-- Work instructions --
Would you please return the lines of the entries below starting at the line that has "ultimately obtain a" and ending at the line that has "using decomposable_factor_in_fact_L[OF Xs[folded", both included, exactly as they are?

Extracted records
++++++++

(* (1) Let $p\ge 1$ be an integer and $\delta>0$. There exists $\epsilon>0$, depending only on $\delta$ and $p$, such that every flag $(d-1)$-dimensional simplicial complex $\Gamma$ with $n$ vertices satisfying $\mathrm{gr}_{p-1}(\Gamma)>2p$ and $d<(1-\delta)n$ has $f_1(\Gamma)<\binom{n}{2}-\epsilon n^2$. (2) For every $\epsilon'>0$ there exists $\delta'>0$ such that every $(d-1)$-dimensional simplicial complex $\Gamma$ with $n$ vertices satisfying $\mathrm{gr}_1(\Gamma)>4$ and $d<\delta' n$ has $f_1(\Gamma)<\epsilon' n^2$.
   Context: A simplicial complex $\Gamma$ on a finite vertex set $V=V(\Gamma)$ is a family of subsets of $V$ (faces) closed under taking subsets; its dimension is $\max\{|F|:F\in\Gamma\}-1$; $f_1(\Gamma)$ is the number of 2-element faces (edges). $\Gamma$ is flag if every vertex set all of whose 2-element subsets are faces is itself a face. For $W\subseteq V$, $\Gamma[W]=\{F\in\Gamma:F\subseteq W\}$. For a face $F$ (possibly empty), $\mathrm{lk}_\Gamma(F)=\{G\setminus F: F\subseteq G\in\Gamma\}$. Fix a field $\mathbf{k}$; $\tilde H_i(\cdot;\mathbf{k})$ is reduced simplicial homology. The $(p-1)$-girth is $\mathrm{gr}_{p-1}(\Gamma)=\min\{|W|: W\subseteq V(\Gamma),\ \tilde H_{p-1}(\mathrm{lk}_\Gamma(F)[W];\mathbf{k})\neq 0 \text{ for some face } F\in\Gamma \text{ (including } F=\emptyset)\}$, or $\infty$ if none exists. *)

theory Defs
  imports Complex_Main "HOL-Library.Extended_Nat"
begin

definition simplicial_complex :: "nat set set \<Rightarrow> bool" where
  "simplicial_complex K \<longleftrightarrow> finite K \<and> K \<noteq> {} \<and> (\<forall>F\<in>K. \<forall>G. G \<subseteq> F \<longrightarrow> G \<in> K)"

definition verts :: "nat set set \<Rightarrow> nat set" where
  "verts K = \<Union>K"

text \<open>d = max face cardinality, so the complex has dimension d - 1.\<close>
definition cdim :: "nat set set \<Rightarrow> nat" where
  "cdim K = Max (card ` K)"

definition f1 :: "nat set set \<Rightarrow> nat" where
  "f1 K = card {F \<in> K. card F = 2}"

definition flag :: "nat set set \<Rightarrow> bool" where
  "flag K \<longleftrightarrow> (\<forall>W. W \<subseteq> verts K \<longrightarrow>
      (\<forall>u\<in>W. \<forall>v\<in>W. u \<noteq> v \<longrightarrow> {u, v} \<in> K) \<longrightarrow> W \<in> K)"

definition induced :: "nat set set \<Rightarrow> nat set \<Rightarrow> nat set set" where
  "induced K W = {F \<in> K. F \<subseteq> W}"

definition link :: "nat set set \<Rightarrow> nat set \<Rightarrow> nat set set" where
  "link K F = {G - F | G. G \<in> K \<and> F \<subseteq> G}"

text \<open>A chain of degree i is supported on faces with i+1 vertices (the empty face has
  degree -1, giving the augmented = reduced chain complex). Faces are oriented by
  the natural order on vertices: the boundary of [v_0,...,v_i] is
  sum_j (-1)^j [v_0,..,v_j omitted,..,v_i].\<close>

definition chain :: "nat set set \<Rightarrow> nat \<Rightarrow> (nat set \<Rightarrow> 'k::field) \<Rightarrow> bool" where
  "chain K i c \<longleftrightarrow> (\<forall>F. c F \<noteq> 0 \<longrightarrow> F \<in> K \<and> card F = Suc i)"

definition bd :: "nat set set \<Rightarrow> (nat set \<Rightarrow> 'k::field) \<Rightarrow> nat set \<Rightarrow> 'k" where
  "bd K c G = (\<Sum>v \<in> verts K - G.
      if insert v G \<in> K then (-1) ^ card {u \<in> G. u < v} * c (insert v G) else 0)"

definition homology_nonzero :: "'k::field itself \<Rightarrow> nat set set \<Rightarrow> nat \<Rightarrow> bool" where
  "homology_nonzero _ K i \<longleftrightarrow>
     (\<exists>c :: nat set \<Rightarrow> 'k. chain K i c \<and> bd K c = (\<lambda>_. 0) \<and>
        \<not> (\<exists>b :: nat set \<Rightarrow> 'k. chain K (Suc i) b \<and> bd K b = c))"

++++++++

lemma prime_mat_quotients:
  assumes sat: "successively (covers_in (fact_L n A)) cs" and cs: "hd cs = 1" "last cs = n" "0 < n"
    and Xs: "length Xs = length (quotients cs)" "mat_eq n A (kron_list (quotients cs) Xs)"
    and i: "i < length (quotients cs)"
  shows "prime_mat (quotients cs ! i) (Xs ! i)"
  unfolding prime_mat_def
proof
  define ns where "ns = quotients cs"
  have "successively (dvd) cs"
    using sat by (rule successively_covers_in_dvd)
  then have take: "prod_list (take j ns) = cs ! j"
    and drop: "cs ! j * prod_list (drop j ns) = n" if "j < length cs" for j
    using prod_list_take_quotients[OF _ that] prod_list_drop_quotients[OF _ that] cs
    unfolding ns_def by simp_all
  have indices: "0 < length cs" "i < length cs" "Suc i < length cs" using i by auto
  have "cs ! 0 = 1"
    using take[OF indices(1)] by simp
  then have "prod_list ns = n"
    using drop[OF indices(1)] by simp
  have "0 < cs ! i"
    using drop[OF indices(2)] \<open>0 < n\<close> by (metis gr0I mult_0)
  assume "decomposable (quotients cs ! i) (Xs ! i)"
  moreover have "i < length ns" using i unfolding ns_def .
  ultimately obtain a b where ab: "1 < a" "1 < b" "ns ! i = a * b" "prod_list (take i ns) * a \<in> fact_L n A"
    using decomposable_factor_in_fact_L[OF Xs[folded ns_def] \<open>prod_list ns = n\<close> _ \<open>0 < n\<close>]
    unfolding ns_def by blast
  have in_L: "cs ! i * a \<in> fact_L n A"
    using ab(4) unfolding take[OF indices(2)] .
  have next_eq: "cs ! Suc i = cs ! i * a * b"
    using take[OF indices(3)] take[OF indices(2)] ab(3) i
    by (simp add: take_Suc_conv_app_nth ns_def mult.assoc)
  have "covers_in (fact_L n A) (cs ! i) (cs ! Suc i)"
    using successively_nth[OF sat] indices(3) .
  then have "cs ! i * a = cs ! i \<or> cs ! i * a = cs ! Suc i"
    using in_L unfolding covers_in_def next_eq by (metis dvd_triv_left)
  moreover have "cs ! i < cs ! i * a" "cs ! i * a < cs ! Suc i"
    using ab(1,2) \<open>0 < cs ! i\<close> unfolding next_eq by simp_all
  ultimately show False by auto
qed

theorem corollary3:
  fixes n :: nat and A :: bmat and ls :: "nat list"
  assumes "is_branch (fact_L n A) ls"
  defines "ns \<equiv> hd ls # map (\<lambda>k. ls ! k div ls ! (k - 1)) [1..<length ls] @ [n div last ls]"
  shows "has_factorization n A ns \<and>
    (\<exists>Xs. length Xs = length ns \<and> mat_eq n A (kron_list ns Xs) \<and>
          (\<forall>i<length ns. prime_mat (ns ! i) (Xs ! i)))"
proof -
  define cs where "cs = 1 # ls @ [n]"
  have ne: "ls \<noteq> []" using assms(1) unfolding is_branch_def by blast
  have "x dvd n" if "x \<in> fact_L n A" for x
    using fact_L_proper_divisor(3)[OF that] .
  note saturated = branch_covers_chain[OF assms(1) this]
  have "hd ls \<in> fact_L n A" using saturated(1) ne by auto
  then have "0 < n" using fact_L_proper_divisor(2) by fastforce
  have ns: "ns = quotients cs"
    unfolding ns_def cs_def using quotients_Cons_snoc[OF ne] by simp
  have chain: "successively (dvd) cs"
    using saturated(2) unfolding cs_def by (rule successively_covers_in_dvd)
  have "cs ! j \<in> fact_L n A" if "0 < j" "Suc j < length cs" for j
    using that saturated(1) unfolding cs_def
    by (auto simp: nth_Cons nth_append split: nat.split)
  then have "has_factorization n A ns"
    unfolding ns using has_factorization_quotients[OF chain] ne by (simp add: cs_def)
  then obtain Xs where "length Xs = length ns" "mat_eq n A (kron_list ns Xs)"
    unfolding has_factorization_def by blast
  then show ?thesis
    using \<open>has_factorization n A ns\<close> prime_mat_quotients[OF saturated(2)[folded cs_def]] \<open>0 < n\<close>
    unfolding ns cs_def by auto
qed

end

++++++++

-- Problem solution --
  ultimately obtain a b where ab: "1 < a" "1 < b" "ns ! i = a * b" "prod_list (take i ns) * a \<in> fact_L n A"
    using decomposable_factor_in_fact_L[OF Xs[folded ns_def] \<open>prod_list ns = n\<close> _ \<open>0 < n\<close>]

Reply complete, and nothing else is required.